Most supervisors have dealt with an employee who believes his work performance is better than what it actually is. It’s a minority of employees who believe they are less than a “four-star” performer. But an employee who is so convinced of his personal value that he sues his employer for $75 million is a rarity, indeed. Yet, rare or not, that is precisely the case in Berry v. Kasowitz, Benson, Torres & Friedman, LLP.
According to Berry, he had a “distinguished” and “remarkable” career in the technology sector. Having “conquer[ed] Silicon Valley,” he decided to turn his talents to the legal profession, abandoning his technology endeavors to attend the prestigous University of Pennsylvania Law School. Upon graduation, he accepted a position with an equally prestigous law firm, Kasowitz, Benson, Torres & Friedman.

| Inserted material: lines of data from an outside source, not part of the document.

lemma (in prob_space) cond_expect_on_indep_mult:
  fixes X Y :: "'a \<Rightarrow> real" and g :: "real \<Rightarrow> real"
  assumes indep: "indep_var borel X borel Y" and A: "A \<in> sigma_plus M X"
    and g: "g \<in> borel_measurable borel"
    and integrable_g: "integrable M (\<lambda>\<omega>. g (X \<omega>))" and integrable_Y: "integrable M Y"
  shows "cond_expect_on M A (\<lambda>\<omega>. g (X \<omega>) * Y \<omega>) = cond_expect_on M A (\<lambda>\<omega>. g (X \<omega>)) * expectation Y"
proof -
  have [measurable]: "X \<in> borel_measurable M" "Y \<in> borel_measurable M"
    using indep_var_rv1[OF indep] indep_var_rv2[OF indep] by auto
  obtain S where S: "S \<in> sets borel" "A = X -` S \<inter> space M" and A_event: "A \<in> events"
    and A_pos: "prob A > 0"
    using sigma_plusE[OF _ A] by auto
  have indicator_A: "indicator A \<omega> = (indicator S (X \<omega>) :: real)" if "\<omega> \<in> space M" for \<omega>
    using S that by (auto split: split_indicator)
  have h: "(\<lambda>t. indicator S t * g t) \<in> borel_measurable borel"
    using S(1) g by measurable
  have "integrable M (\<lambda>\<omega>. indicator A \<omega> * g (X \<omega>))"
    using integrable_mult_indicator[OF A_event integrable_g] by simp
  then have integrable_h: "integrable M (\<lambda>\<omega>. indicator S (X \<omega>) * g (X \<omega>))"
    by (rule Bochner_Integration.integrable_cong[OF refl, THEN iffD1, rotated]) (simp add: indicator_A)
  have indep_h: "indep_var borel (\<lambda>\<omega>. indicator S (X \<omega>) * g (X \<omega>)) borel Y"
    using indep_var_compose[OF indep h, of "\<lambda>t. t" borel] by (simp add: comp_def)
  have "(\<integral>\<omega>. indicator A \<omega> * (g (X \<omega>) * Y \<omega>) \<partial>M) = (\<integral>\<omega>. (indicator S (X \<omega>) * g (X \<omega>)) * Y \<omega> \<partial>M)"
    by (intro Bochner_Integration.integral_cong) (simp_all add: indicator_A)
  also have "\<dots> = (\<integral>\<omega>. indicator S (X \<omega>) * g (X \<omega>) \<partial>M) * expectation Y"
    using indep_var_lebesgue_integral[OF indep_h integrable_h integrable_Y] .
  also have "(\<integral>\<omega>. indicator S (X \<omega>) * g (X \<omega>) \<partial>M) = (\<integral>\<omega>. indicator A \<omega> * g (X \<omega>) \<partial>M)"
    by (intro Bochner_Integration.integral_cong) (simp_all add: indicator_A)
  finally show ?thesis
    using A_event A_pos g by (simp add: cond_expect_on_eq_indicator)
qed
lemma spec_le_excluded_point_topology:
  assumes "p \<in> S" "y \<in> S"
  shows "spec_le (excluded_point_topology S p) x y \<longleftrightarrow> x = p \<or> x = y"
  using assms by (simp add: spec_le_def closure_of_singleton_excluded_point_topology)

lemma saturated_in_excluded_point_topology:
  assumes "p \<in> S"
  shows "saturated_in (excluded_point_topology S p) Q \<longleftrightarrow> Q \<subseteq> S \<and> (p \<in> Q \<longrightarrow> Q = S)"
  using assms by (auto simp: saturated_in_def spec_le_excluded_point_topology)

lemma sober_excluded_point_topology:
  assumes "p \<in> S"
  shows "sober (excluded_point_topology S p)"
  unfolding sober_def
proof (intro conjI allI impI)
  show "t0_space (excluded_point_topology S p)"
    unfolding t0_space_def topspace_excluded_point_topology
  proof (intro ballI impI)
    fix x y assume "x \<in> S" "y \<in> S" "x \<noteq> y"
    then have "openin (excluded_point_topology S p) {if x = p then y else x}"
      by (auto simp: openin_excluded_point_topology)
    with \<open>x \<noteq> y\<close> show "\<exists>U. openin (excluded_point_topology S p) U \<and> (x \<notin> U \<longleftrightarrow> y \<in> U)"
      by (intro exI[of _ "{if x = p then y else x}"]) auto
  qed
next
  fix C assume C: "irreducible_closed (excluded_point_topology S p) C"
  then have "C \<subseteq> S" "p \<in> C"
    using assms by (auto simp: irreducible_closed_def closedin_excluded_point_topology)
  have "\<exists>a. C = {p, a}"
  proof (rule ccontr)
    assume no_pair: "\<nexists>a. C = {p, a}"
    have "C \<noteq> {p, p}"
      using no_pair by blast
    then obtain a where a: "a \<in> C" "a \<noteq> p"
      using \<open>p \<in> C\<close> by auto
    have "C \<noteq> {p, a}"
      using no_pair by blast
    then obtain b where b: "b \<in> C" "b \<noteq> p" "b \<noteq> a"
      using \<open>p \<in> C\<close> a by auto
    have "closedin (excluded_point_topology S p) (C - {a})"
      "closedin (excluded_point_topology S p) (C - {b})"
      using assms \<open>C \<subseteq> S\<close> \<open>p \<in> C\<close> a b by (auto simp: closedin_excluded_point_topology)
    moreover have "C \<subseteq> (C - {a}) \<union> (C - {b})"
      using b by blast
    ultimately have "C \<subseteq> C - {a} \<or> C \<subseteq> C - {b}"
      using C unfolding irreducible_closed_def by blast
    with a b show False
      by blast
  qed
  then obtain a where "C = {p, a}"
    by blast
  with \<open>C \<subseteq> S\<close> assms
  show "\<exists>x\<in>topspace (excluded_point_topology S p). C = excluded_point_topology S p closure_of {x}"
    by (intro bexI[of _ a]) (auto simp: closure_of_singleton_excluded_point_topology)
qed

lemma loc_compact_excluded_point_topology:
  assumes "p \<in> S"
  shows "loc_compact (excluded_point_topology S p)"
  unfolding loc_compact_def
proof (intro allI impI)
  fix x U assume U: "openin (excluded_point_topology S p) U \<and> x \<in> U"
  define Q where "Q = (if x = p then S else {x})"
  have "openin (excluded_point_topology S p) Q" "x \<in> Q" "Q \<subseteq> U"
    using U by (auto simp: Q_def openin_excluded_point_topology)
  moreover have "compactin (excluded_point_topology S p) Q"
    "saturated_in (excluded_point_topology S p) Q"
    using U assms by (auto simp: Q_def openin_excluded_point_topology
        compactin_excluded_point_topology saturated_in_excluded_point_topology)
  ultimately show "\<exists>Q. compactin (excluded_point_topology S p) Q
      \<and> saturated_in (excluded_point_topology S p) Q
      \<and> x \<in> excluded_point_topology S p interior_of Q \<and> Q \<subseteq> U"
    by (metis interior_of_openin)
qed

lemma stably_compact_excluded_point_topology:
  assumes "p \<in> S"
  shows "stably_compact (excluded_point_topology S p)"
proof -
  have "coherent (excluded_point_topology S p)"
    using assms unfolding coherent_def
    by (auto simp: compactin_excluded_point_topology saturated_in_excluded_point_topology)
  moreover have "compact_space (excluded_point_topology S p)"
    using assms by (simp add: compact_space_def compactin_excluded_point_topology)
  ultimately show ?thesis
    using assms by (simp add: stably_compact_def sober_excluded_point_topology
        loc_compact_excluded_point_topology)
qed

lemma continuous_map_excluded_point_topology:
  assumes "f ` S \<subseteq> T" "p \<in> S" "f p = q"
  shows "continuous_map (excluded_point_topology S p) (excluded_point_topology T q) f"
  using assms unfolding continuous_map_def openin_excluded_point_topology by auto

lemma topspace_proj_limit:
  "topspace (proj_limit I le X p) =
     {x \<in> Pi\<^sub>E I (\<lambda>i. topspace (X i)). \<forall>i\<in>I. \<forall>j\<in>I. le i j \<longrightarrow> p i j (x j) = x i}"
  unfolding proj_limit_def by auto

lemma continuous_map_proj_limit_component:
  "i \<in> I \<Longrightarrow> continuous_map (proj_limit I le X p) (X i) (\<lambda>x. x i)"
  unfolding proj_limit_def
  by (intro continuous_map_from_subtopology continuous_map_product_projection)
(* Let $(\mathcal{P},\cdot)$ be an admissible Poisson algebra and let $e_1,e_2$ be non-zero idempotents with $e_1\cdot e_2=e_2\cdot e_1=0$. For $k=1,2$ and $i\in\{0,1\}$ put $\mathcal{P}^k_{i,i}=\{x\in\mathcal{P}: e_k\cdot x=x\cdot e_k=ix\}$. Then $\mathcal{P}$ is the direct sum of subalgebras $$\mathcal{P}=\big(\mathcal{P}^1_{0,0}\cap\mathcal{P}^2_{0,0}\big)\oplus\mathcal{P}^1_{1,1}\oplus\mathcal{P}^2_{1,1}.$$
   Context: $\mathbb{K}$ is a field of characteristic different from $2$ and $3$. Associator: $A(X,Y,Z)=(X\cdot Y)\cdot Z-X\cdot(Y\cdot Z)$. An admissible Poisson algebra is a $\mathbb{K}$-vector space $\mathcal{P}$ with a bilinear product $\cdot$ satisfying $3A(X,Y,Z)=(X\cdot Z)\cdot Y+(Y\cdot Z)\cdot X-(Y\cdot X)\cdot Z-(Z\cdot X)\cdot Y$ for all $X,Y,Z$. An idempotent is $e$ with $e\cdot e=e$. *)

theory Defs
  imports Main "HOL.Vector_Spaces"
begin

definition bilinear_product :: "('k::field \<Rightarrow> 'v::ab_group_add \<Rightarrow> 'v) \<Rightarrow> ('v \<Rightarrow> 'v \<Rightarrow> 'v) \<Rightarrow> bool" where
  "bilinear_product scale mult \<longleftrightarrow>
     (\<forall>x y z. mult (x + y) z = mult x z + mult y z) \<and>
     (\<forall>x y z. mult x (y + z) = mult x y + mult x z) \<and>
     (\<forall>c x y. mult (scale c x) y = scale c (mult x y)) \<and>
     (\<forall>c x y. mult x (scale c y) = scale c (mult x y))"

definition associator :: "('v::ab_group_add \<Rightarrow> 'v \<Rightarrow> 'v) \<Rightarrow> 'v \<Rightarrow> 'v \<Rightarrow> 'v \<Rightarrow> 'v" where
  "associator mult x y z = mult (mult x y) z - mult x (mult y z)"

definition admissible_poisson :: "('k::field \<Rightarrow> 'v::ab_group_add \<Rightarrow> 'v) \<Rightarrow> ('v \<Rightarrow> 'v \<Rightarrow> 'v) \<Rightarrow> bool" where
  "admissible_poisson scale mult \<longleftrightarrow>
     vector_space scale \<and> bilinear_product scale mult \<and>
     (\<forall>x y z. scale 3 (associator mult x y z) =
        mult (mult x z) y + mult (mult y z) x - mult (mult y x) z - mult (mult z x) y)"

definition peirce_space :: "('k::field \<Rightarrow> 'v::ab_group_add \<Rightarrow> 'v) \<Rightarrow> ('v \<Rightarrow> 'v \<Rightarrow> 'v) \<Rightarrow> 'v \<Rightarrow> 'k \<Rightarrow> 'v set" where
  "peirce_space scale mult e i = {x. mult e x = scale i x \<and> mult x e = scale i x}"

definition subalgebra :: "('k::field \<Rightarrow> 'v::ab_group_add \<Rightarrow> 'v) \<Rightarrow> ('v \<Rightarrow> 'v \<Rightarrow> 'v) \<Rightarrow> 'v set \<Rightarrow> bool" where
  "subalgebra scale mult S \<longleftrightarrow> module.subspace scale S \<and> (\<forall>x\<in>S. \<forall>y\<in>S. mult x y \<in> S)"

definition direct_sum3 :: "'v::ab_group_add set \<Rightarrow> 'v set \<Rightarrow> 'v set \<Rightarrow> bool" where
  "direct_sum3 A B C \<longleftrightarrow> (\<forall>x. \<exists>!(a, b, c). a \<in> A \<and> b \<in> B \<and> c \<in> C \<and> x = a + b + c)"

end

theory Submission
  imports Defs
begin

(* Each step evaluates the admissibility identity at a few triples built from the idempotents and
   takes a linear combination in which all other products cancel, leaving 3, 4 or 12 times the
   wanted expression; this is where the characteristic assumptions enter.  For an idempotent e
   this shows that e commutes with every element, that left multiplication L by e satisfies
   L(L a) = L a, and that every Peirce space of e is closed under products.  For orthogonal
   idempotents e1, e2 one gets e1 (e2 x) = 0, so the decomposition of x is
   (x - e1 x - e2 x) + e1 x + e2 x, and applying e1 and e2 to any decomposition shows that it
   is unique. *)

lemma direct_sum3I:
  fixes q r :: "'v::ab_group_add \<Rightarrow> 'v"
  assumes "\<And>x. x - q x - r x \<in> A" "\<And>x. q x \<in> B" "\<And>x. r x \<in> C"
    and "\<And>a b c. a \<in> A \<Longrightarrow> b \<in> B \<Longrightarrow> c \<in> C \<Longrightarrow> q (a + b + c) = b"
    and "\<And>a b c. a \<in> A \<Longrightarrow> b \<in> B \<Longrightarrow> c \<in> C \<Longrightarrow> r (a + b + c) = c"
  shows "direct_sum3 A B C"
  unfolding direct_sum3_def
proof
  fix x
  show "\<exists>!(a, b, c). a \<in> A \<and> b \<in> B \<and> c \<in> C \<and> x = a + b + c"
  proof (rule ex1I[of _ "(x - q x - r x, q x, r x)"])
    show "case (x - q x - r x, q x, r x) of (a, b, c) \<Rightarrow> a \<in> A \<and> b \<in> B \<and> c \<in> C \<and> x = a + b + c"
      using assms(1-3) by simp
  next
    fix t assume "case t of (a, b, c) \<Rightarrow> a \<in> A \<and> b \<in> B \<and> c \<in> C \<and> x = a + b + c"
    then show "t = (x - q x - r x, q x, r x)"
      using assms(4,5) by (cases t) (auto simp: algebra_simps)
  qed
qed

locale admissible_poisson_algebra =
  fixes scale :: "'k::field \<Rightarrow> 'v::ab_group_add \<Rightarrow> 'v"
    and mult :: "'v \<Rightarrow> 'v \<Rightarrow> 'v"
  assumes admissible: "admissible_poisson scale mult"
    and two_nonzero: "(2::'k) \<noteq> 0" and three_nonzero: "(3::'k) \<noteq> 0"
begin

sublocale vector_space scale
  using admissible unfolding admissible_poisson_def by blast

lemma mult_add_left: "mult (x + y) z = mult x z + mult y z"
  and mult_add_right: "mult x (y + z) = mult x y + mult x z"
  and mult_scale_left: "mult (scale c x) y = scale c (mult x y)"
  and mult_scale_right: "mult x (scale c y) = scale c (mult x y)"
  using admissible unfolding admissible_poisson_def bilinear_product_def by blast+

lemma mult_zero_left [simp]: "mult 0 z = 0"
  using mult_add_left[of 0 0 z] by simp

lemma mult_zero_right [simp]: "mult z 0 = 0"
  using mult_add_right[of z 0 0] by simp

lemma mult_diff_left: "mult (x - y) z = mult x z - mult y z"
  using mult_add_left[of "x - y" y z] by (simp add: algebra_simps)

lemma mult_diff_right: "mult z (x - y) = mult z x - mult z y"
  using mult_add_right[of z "x - y" y] by (simp add: algebra_simps)

lemma mult_minus_left: "mult (- x) z = - mult x z"
  using mult_diff_left[of 0 x z] by simp

lemma mult_minus_right: "mult z (- x) = - mult z x"
  using mult_diff_right[of z 0 x] by simp

lemmas mult_additive =
  mult_add_left mult_add_right mult_diff_left mult_diff_right mult_minus_left mult_minus_right

lemma double_eq_zero_iff: "(w::'v) + w = 0 \<longleftrightarrow> w = 0"
  using two_nonzero scale_left_distrib[of 1 1 w] by auto

lemma triple_eq_zero_iff: "(w::'v) + w + w = 0 \<longleftrightarrow> w = 0"
  using three_nonzero scale_left_distrib[of 2 1 w] scale_left_distrib[of 1 1 w] by auto

text \<open>The admissibility identity with the factor 3 written additively, so that identities
  between products can be checked by additive normalisation alone.\<close>

definition admissibility_defect :: "'v \<Rightarrow> 'v \<Rightarrow> 'v \<Rightarrow> 'v" where
  "admissibility_defect x y z = (let a = mult (mult x y) z - mult x (mult y z) in a + a + a)
     - (mult (mult x z) y + mult (mult y z) x - mult (mult y x) z - mult (mult z x) y)"

lemma admissibility_defect_eq_0: "admissibility_defect x y z = 0"
proof -
  have "scale 3 (associator mult x y z) =
        mult (mult x z) y + mult (mult y z) x - mult (mult y x) z - mult (mult z x) y"
    using admissible unfolding admissible_poisson_def by blast
  moreover have "scale 3 w = w + w + w" for w
    using scale_left_distrib[of 2 1 w] scale_left_distrib[of 1 1 w] by simp
  ultimately show ?thesis
    unfolding admissibility_defect_def Let_def associator_def by simp
qed


definition sym_mult :: "'v \<Rightarrow> 'v \<Rightarrow> 'v" where
  "sym_mult x y = mult x y + mult y x"

lemma sym_mult_idempotent_twice:
  assumes idem: "mult e e = e"
  shows "sym_mult e (sym_mult e y) = sym_mult e y + sym_mult e y"
proof -
  define Y where "Y = sym_mult e (sym_mult e y) - sym_mult e y - sym_mult e y"
  have "Y + Y + Y = - admissibility_defect e y e + admissibility_defect y e e
      + admissibility_defect y e e - admissibility_defect e e y"
    unfolding Y_def sym_mult_def admissibility_defect_def Let_def
    by (simp only: mult_additive idem) (simp add: algebra_simps)
  then have "Y = 0" by (simp add: admissibility_defect_eq_0 triple_eq_zero_iff)
  then show ?thesis unfolding Y_def by (simp add: algebra_simps)
qed

lemma idempotent_mult_commute:
  assumes idem: "mult e e = e"
  shows "mult e a = mult a e"
proof -
  define D where "D = mult e a - mult a e"
  define X where "X = D - sym_mult e D"
  have "X + X + X = admissibility_defect e e a - admissibility_defect e a e
      + admissibility_defect a e e"
    unfolding X_def D_def sym_mult_def admissibility_defect_def Let_def
    by (simp only: mult_additive idem) (simp add: algebra_simps)
  then have "X = 0" by (simp add: admissibility_defect_eq_0 triple_eq_zero_iff)
  then have "sym_mult e D = D" unfolding X_def by simp
  with sym_mult_idempotent_twice[OF idem, of D] have "D = 0" by simp
  then show ?thesis unfolding D_def by simp
qed

lemma idempotent_mult_idem:
  assumes idem: "mult e e = e"
  shows "mult e (mult e a) = mult e a"
proof -
  define W where "W = mult e (mult e a) - mult e a"
  have sym_mult_e: "sym_mult e u = mult e u + mult e u" for u
    unfolding sym_mult_def using idempotent_mult_commute[OF idem] by simp
  have "(W + W) + (W + W) = 0"
    using sym_mult_idempotent_twice[OF idem, of a] unfolding W_def sym_mult_e
    by (simp only: mult_additive) (simp add: algebra_simps)
  then have "W = 0" by (simp only: double_eq_zero_iff)
  then show ?thesis unfolding W_def by simp
qed

lemma mem_peirce_space_iff:
  "x \<in> peirce_space scale mult e c \<longleftrightarrow> mult e x = scale c x \<and> mult x e = scale c x"
  unfolding peirce_space_def by simp

lemma peirce_space_mult_closed:
  assumes idem: "mult e e = e"
    and x: "x \<in> peirce_space scale mult e c" and y: "y \<in> peirce_space scale mult e c"
  shows "mult x y \<in> peirce_space scale mult e c"
proof -
  from x y have ex: "mult e x = scale c x" "mult x e = scale c x"
    and ey: "mult e y = scale c y" "mult y e = scale c y"
    by (simp_all add: mem_peirce_space_iff)
  define Z where "Z = mult e (mult x y) - scale c (mult x y)"
  define Z4 where "Z4 = (Z + Z) + (Z + Z)"
  have "Z4 + Z4 + Z4 = - admissibility_defect e x y - admissibility_defect e x y
      - admissibility_defect e x y - admissibility_defect e x y
      + admissibility_defect x e y - admissibility_defect x y e"
    unfolding Z4_def Z_def admissibility_defect_def Let_def
    by (simp only: mult_additive mult_scale_left mult_scale_right ex ey) (simp add: algebra_simps)
  then have "Z = 0"
    unfolding Z4_def by (simp add: admissibility_defect_eq_0 triple_eq_zero_iff double_eq_zero_iff)
  then have "mult e (mult x y) = scale c (mult x y)" unfolding Z_def by simp
  then show ?thesis
    using idempotent_mult_commute[OF idem] by (simp add: mem_peirce_space_iff)
qed


lemma idempotent_mult_mem_peirce_one:
  assumes idem: "mult e e = e"
  shows "mult e a \<in> peirce_space scale mult e 1"
  using idempotent_mult_idem[OF idem] idempotent_mult_commute[OF idem]
  by (simp add: mem_peirce_space_iff)

lemma subspace_peirce_space: "subspace (peirce_space scale mult e c)"
proof (rule subspaceI)
  show "0 \<in> peirce_space scale mult e c" by (simp add: mem_peirce_space_iff)
next
  fix x y assume "x \<in> peirce_space scale mult e c" "y \<in> peirce_space scale mult e c"
  then show "x + y \<in> peirce_space scale mult e c"
    by (simp add: mem_peirce_space_iff mult_additive scale_right_distrib)
next
  fix a x assume "x \<in> peirce_space scale mult e c"
  then show "scale a x \<in> peirce_space scale mult e c"
    by (simp add: mem_peirce_space_iff mult_scale_left mult_scale_right scale_left_commute)
qed

lemma subalgebra_peirce_space:
  assumes "mult e e = e"
  shows "subalgebra scale mult (peirce_space scale mult e c)"
  unfolding subalgebra_def
  using subspace_peirce_space peirce_space_mult_closed[OF assms] by blast

lemma subalgebra_Int:
  assumes "subalgebra scale mult A" and "subalgebra scale mult B"
  shows "subalgebra scale mult (A \<inter> B)"
  using assms subspace_inter unfolding subalgebra_def by blast

lemma orthogonal_idempotents_mult_annihilate:
  assumes ee: "mult e e = e" and ff: "mult f f = f"
    and ef: "mult e f = 0" and fe: "mult f e = 0"
  shows "mult e (mult f x) = 0"
proof -
  have comm: "mult (mult e x) f = mult f (mult e x)" "mult (mult f x) e = mult e (mult f x)"
    using idempotent_mult_commute[OF ff] idempotent_mult_commute[OF ee] by simp_all
  define Z where "Z = mult e (mult f x)"
  define Z4 where "Z4 = (Z + Z) + (Z + Z)"
  have "Z4 + Z4 + Z4 = - admissibility_defect e f x - admissibility_defect e f x
      - admissibility_defect e f x + admissibility_defect x e f + admissibility_defect f e x"
    unfolding Z4_def Z_def admissibility_defect_def Let_def
    by (simp only: mult_additive ee ff ef fe comm) (simp add: algebra_simps)
  then show ?thesis
    unfolding Z4_def Z_def by (simp add: admissibility_defect_eq_0 triple_eq_zero_iff double_eq_zero_iff)
qed


lemma direct_sum3_peirce_spaces:
  assumes e1: "mult e1 e1 = e1" and e2: "mult e2 e2 = e2"
    and e12: "mult e1 e2 = 0" and e21: "mult e2 e1 = 0"
  shows "direct_sum3 (peirce_space scale mult e1 0 \<inter> peirce_space scale mult e2 0)
    (peirce_space scale mult e1 1) (peirce_space scale mult e2 1)"
proof (rule direct_sum3I[where q = "mult e1" and r = "mult e2"])
  fix x
  have "mult e1 (mult e2 x) = 0" "mult e2 (mult e1 x) = 0"
    using orthogonal_idempotents_mult_annihilate e1 e2 e12 e21 by blast+
  then show "x - mult e1 x - mult e2 x \<in> peirce_space scale mult e1 0 \<inter> peirce_space scale mult e2 0"
    using idempotent_mult_idem[OF e1] idempotent_mult_idem[OF e2]
      idempotent_mult_commute[OF e1] idempotent_mult_commute[OF e2]
    by (simp add: mem_peirce_space_iff mult_additive)
  show "mult e1 x \<in> peirce_space scale mult e1 1" "mult e2 x \<in> peirce_space scale mult e2 1"
    using idempotent_mult_mem_peirce_one e1 e2 by blast+
next
  fix a b c
  assume "a \<in> peirce_space scale mult e1 0 \<inter> peirce_space scale mult e2 0"
    and "b \<in> peirce_space scale mult e1 1" and "c \<in> peirce_space scale mult e2 1"
  then have a: "mult e1 a = 0" "mult e2 a = 0" and b: "mult e1 b = b" and c: "mult e2 c = c"
    by (simp_all add: mem_peirce_space_iff)
  have "mult e2 b = 0" "mult e1 c = 0"
    using orthogonal_idempotents_mult_annihilate[OF e2 e1 e21 e12, of b]
      orthogonal_idempotents_mult_annihilate[OF e1 e2 e12 e21, of c] b c by simp_all
  then show "mult e1 (a + b + c) = b" "mult e2 (a + b + c) = c"
    using a b c by (simp_all add: mult_additive)
qed


end

theorem mainTheorem7:
  fixes scale :: "'k::field \<Rightarrow> 'v::ab_group_add \<Rightarrow> 'v"
    and mult :: "'v \<Rightarrow> 'v \<Rightarrow> 'v"
    and e1 e2 :: 'v
  assumes char2: "(2::'k) \<noteq> 0" and char3: "(3::'k) \<noteq> 0"
    and adm: "admissible_poisson scale mult"
    and e1_idem: "mult e1 e1 = e1" and e1_nz: "e1 \<noteq> 0"
    and e2_idem: "mult e2 e2 = e2" and e2_nz: "e2 \<noteq> 0"
    and orth12: "mult e1 e2 = 0" and orth21: "mult e2 e1 = 0"
  shows "subalgebra scale mult (peirce_space scale mult e1 0 \<inter> peirce_space scale mult e2 0)
       \<and> subalgebra scale mult (peirce_space scale mult e1 1)
       \<and> subalgebra scale mult (peirce_space scale mult e2 1)
       \<and> direct_sum3 (peirce_space scale mult e1 0 \<inter> peirce_space scale mult e2 0)
                     (peirce_space scale mult e1 1) (peirce_space scale mult e2 1)"
proof -
  interpret admissible_poisson_algebra scale mult
    using adm char2 char3 by unfold_locales
  show ?thesis
    using subalgebra_Int subalgebra_peirce_space e1_idem e2_idem
      direct_sum3_peirce_spaces[OF e1_idem e2_idem orth12 orth21]
    by blast
qed

end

Ready to conquer the world of private practice, according to Berry, he “immediately began doing superlative work,” and “repeatedly found ways to improve the efficiency of work, or even the outcome of cases.” Unfortunately, though, he feels his genius went unappreciated.
Berry claims that he was terminated after he sent an email to the firm’s partners requesting additional work. In the email, Berry stated that it had “become clear that I have as much experience and ability as an associate many years my senior, as much skill writing, and a superior legal mind to most I have met.” Interestingly, prior to sending the email, Berry had been expressly warned not to “be so arrogant.” Apparently, he did not heed that advice.
Upon termination, Berry was presented with an “unconscionable” Separation Agreement, which he signed only under “economic duress.” Under the agreement, Berry received two months’ salary in exchange for a complete waiver of claims. Notwithstanding having executed the waiver and release, Berry sued filed suit, alleging 14 causes of action.
The lesson for employers? Beware the employee who is, perhaps, a bit to aware of his own “superlative” work.